--- START ---

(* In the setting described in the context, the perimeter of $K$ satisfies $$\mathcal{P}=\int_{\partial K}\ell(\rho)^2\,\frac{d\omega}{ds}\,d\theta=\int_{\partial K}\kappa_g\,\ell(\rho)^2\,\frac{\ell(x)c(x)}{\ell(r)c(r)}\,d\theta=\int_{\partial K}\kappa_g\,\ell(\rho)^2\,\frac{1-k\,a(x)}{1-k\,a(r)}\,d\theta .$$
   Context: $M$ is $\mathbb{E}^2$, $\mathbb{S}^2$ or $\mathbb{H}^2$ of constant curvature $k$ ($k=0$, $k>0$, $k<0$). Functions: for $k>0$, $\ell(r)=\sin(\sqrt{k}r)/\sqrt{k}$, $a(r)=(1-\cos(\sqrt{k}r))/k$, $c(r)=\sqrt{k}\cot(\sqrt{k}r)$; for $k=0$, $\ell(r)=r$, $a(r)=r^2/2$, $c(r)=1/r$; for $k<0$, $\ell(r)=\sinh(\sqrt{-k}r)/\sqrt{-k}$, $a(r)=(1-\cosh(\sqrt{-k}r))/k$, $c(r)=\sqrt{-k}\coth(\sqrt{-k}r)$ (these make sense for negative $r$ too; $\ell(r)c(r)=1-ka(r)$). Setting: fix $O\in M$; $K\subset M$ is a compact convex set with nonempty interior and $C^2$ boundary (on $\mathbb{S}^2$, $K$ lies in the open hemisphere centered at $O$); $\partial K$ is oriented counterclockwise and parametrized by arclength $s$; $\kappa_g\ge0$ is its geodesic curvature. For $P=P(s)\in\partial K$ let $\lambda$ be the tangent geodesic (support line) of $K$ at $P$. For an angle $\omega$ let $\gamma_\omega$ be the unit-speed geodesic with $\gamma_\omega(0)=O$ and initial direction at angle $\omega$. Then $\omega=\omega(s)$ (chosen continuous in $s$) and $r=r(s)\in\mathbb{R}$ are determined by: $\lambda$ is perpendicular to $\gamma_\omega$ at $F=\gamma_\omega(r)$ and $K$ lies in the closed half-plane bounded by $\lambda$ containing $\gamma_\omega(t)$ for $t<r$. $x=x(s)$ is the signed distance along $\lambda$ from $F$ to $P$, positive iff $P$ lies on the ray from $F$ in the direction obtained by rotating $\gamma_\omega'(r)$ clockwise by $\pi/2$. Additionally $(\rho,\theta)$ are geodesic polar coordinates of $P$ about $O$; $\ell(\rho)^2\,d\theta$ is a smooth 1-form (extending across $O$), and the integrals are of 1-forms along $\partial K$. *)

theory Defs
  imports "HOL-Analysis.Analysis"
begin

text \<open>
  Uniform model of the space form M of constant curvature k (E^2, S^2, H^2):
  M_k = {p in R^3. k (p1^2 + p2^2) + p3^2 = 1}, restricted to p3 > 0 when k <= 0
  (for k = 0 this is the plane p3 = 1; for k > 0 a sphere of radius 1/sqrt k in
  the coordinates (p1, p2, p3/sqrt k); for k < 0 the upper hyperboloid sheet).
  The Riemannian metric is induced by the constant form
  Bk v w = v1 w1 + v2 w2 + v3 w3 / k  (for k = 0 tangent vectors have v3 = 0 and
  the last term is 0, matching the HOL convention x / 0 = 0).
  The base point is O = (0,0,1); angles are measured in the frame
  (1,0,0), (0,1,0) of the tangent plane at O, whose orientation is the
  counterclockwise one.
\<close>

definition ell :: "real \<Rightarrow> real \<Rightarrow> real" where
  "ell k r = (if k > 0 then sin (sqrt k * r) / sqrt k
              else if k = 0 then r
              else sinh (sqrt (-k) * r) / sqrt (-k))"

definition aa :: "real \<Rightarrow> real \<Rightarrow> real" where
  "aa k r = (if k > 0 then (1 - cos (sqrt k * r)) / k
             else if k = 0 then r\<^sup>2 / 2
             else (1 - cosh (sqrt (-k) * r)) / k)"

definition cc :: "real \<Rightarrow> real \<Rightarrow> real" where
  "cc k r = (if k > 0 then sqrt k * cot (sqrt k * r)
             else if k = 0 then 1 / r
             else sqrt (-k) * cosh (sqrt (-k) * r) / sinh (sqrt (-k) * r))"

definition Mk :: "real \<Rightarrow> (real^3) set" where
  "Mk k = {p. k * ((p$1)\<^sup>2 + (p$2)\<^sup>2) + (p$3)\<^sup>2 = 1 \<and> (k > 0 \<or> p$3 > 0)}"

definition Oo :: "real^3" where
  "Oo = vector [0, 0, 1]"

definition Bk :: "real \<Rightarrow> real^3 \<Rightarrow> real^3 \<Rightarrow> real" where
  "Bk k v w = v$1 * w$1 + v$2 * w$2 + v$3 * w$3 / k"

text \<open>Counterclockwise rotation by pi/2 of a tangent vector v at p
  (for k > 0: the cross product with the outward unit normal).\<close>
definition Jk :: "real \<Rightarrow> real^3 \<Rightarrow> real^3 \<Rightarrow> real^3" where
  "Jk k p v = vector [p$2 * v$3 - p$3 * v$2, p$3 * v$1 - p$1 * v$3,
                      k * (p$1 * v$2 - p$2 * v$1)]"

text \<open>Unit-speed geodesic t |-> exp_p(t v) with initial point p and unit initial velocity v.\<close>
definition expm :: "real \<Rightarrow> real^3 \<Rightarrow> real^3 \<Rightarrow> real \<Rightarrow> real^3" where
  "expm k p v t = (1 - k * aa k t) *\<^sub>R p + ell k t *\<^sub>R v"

--- END ---

- [Task] Could you give again, word for word, the line with "(1,0,0), (0,1,0) of" and all lines after it through the end of the data? Leave out everything else.

- [Task answer]
  (1,0,0), (0,1,0) of the tangent plane at O, whose orientation is the
  counterclockwise one.
\<close>

definition ell :: "real \<Rightarrow> real \<Rightarrow> real" where
  "ell k r = (if k > 0 then sin (sqrt k * r) / sqrt k
              else if k = 0 then r
              else sinh (sqrt (-k) * r) / sqrt (-k))"

definition aa :: "real \<Rightarrow> real \<Rightarrow> real" where
  "aa k r = (if k > 0 then (1 - cos (sqrt k * r)) / k
             else if k = 0 then r\<^sup>2 / 2
             else (1 - cosh (sqrt (-k) * r)) / k)"

definition cc :: "real \<Rightarrow> real \<Rightarrow> real" where
  "cc k r = (if k > 0 then sqrt k * cot (sqrt k * r)
             else if k = 0 then 1 / r
             else sqrt (-k) * cosh (sqrt (-k) * r) / sinh (sqrt (-k) * r))"

definition Mk :: "real \<Rightarrow> (real^3) set" where
  "Mk k = {p. k * ((p$1)\<^sup>2 + (p$2)\<^sup>2) + (p$3)\<^sup>2 = 1 \<and> (k > 0 \<or> p$3 > 0)}"

definition Oo :: "real^3" where
  "Oo = vector [0, 0, 1]"

definition Bk :: "real \<Rightarrow> real^3 \<Rightarrow> real^3 \<Rightarrow> real" where
  "Bk k v w = v$1 * w$1 + v$2 * w$2 + v$3 * w$3 / k"

text \<open>Counterclockwise rotation by pi/2 of a tangent vector v at p
  (for k > 0: the cross product with the outward unit normal).\<close>
definition Jk :: "real \<Rightarrow> real^3 \<Rightarrow> real^3 \<Rightarrow> real^3" where
  "Jk k p v = vector [p$2 * v$3 - p$3 * v$2, p$3 * v$1 - p$1 * v$3,
                      k * (p$1 * v$2 - p$2 * v$1)]"

text \<open>Unit-speed geodesic t |-> exp_p(t v) with initial point p and unit initial velocity v.\<close>
definition expm :: "real \<Rightarrow> real^3 \<Rightarrow> real^3 \<Rightarrow> real \<Rightarrow> real^3" where
  "expm k p v t = (1 - k * aa k t) *\<^sub>R p + ell k t *\<^sub>R v"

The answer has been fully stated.